theorem mainTheorem4:
  fixes w :: nat
  assumes "w \<ge> 5"
  defines "C1 \<equiv> {x \<in> johnson_vertices (2*w) w. take 5 x \<in> B_set}"
  defines "C2 \<equiv> johnson_vertices (2*w) w - C1"
  shows "equitable_partition2 (johnson_vertices (2*w) w) (johnson_adj w) C1 C2
           (\<lambda>i j. if i = 1 \<and> j = 1 then w^2 - 2*w
                  else if i = 1 \<and> j = 2 then 2*w
                  else if i = 2 \<and> j = 1 then 2*w - 2
                  else w^2 - 2*w + 2)"
proof -
  have "{y \<in> C1. johnson_adj w x y} =
      {y \<in> johnson_vertices (2*w) w. take 5 y \<in> B_set \<and> johnson_adj w x y}"
    "{y \<in> johnson_vertices (2*w) w - C1. johnson_adj w x y} =
      {y \<in> johnson_vertices (2*w) w. take 5 y \<notin> B_set \<and> johnson_adj w x y}" for x
    by (auto simp: C1_def)
  then show ?thesis
    unfolding C2_def
    by (intro equitable_partition2_complementI)
      (auto simp: C1_def card_johnson_neighbours_B_set[OF assms(1)])
qed

end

# Work required
For every record above, print an exact copy.

# Solution for this problem
theorem mainTheorem4:
  fixes w :: nat
  assumes "w \<ge> 5"
  defines "C1 \<equiv> {x \<in> johnson_vertices (2*w) w. take 5 x \<in> B_set}"
  defines "C2 \<equiv> johnson_vertices (2*w) w - C1"
  shows "equitable_partition2 (johnson_vertices (2*w) w) (johnson_adj w) C1 C2
           (\<lambda>i j. if i = 1 \<and> j = 1 then w^2 - 2*w
                  else if i = 1 \<and> j = 2 then 2*w
                  else if i = 2 \<and> j = 1 then 2*w - 2
                  else w^2 - 2*w + 2)"
proof -
  have "{y \<in> C1. johnson_adj w x y} =
      {y \<in> johnson_vertices (2*w) w. take 5 y \<in> B_set \<and> johnson_adj w x y}"
    "{y \<in> johnson_vertices (2*w) w - C1. johnson_adj w x y} =
      {y \<in> johnson_vertices (2*w) w. take 5 y \<notin> B_set \<and> johnson_adj w x y}" for x
    by (auto simp: C1_def)
  then show ?thesis
    unfolding C2_def
    by (intro equitable_partition2_complementI)
      (auto simp: C1_def card_johnson_neighbours_B_set[OF assms(1)])
qed

end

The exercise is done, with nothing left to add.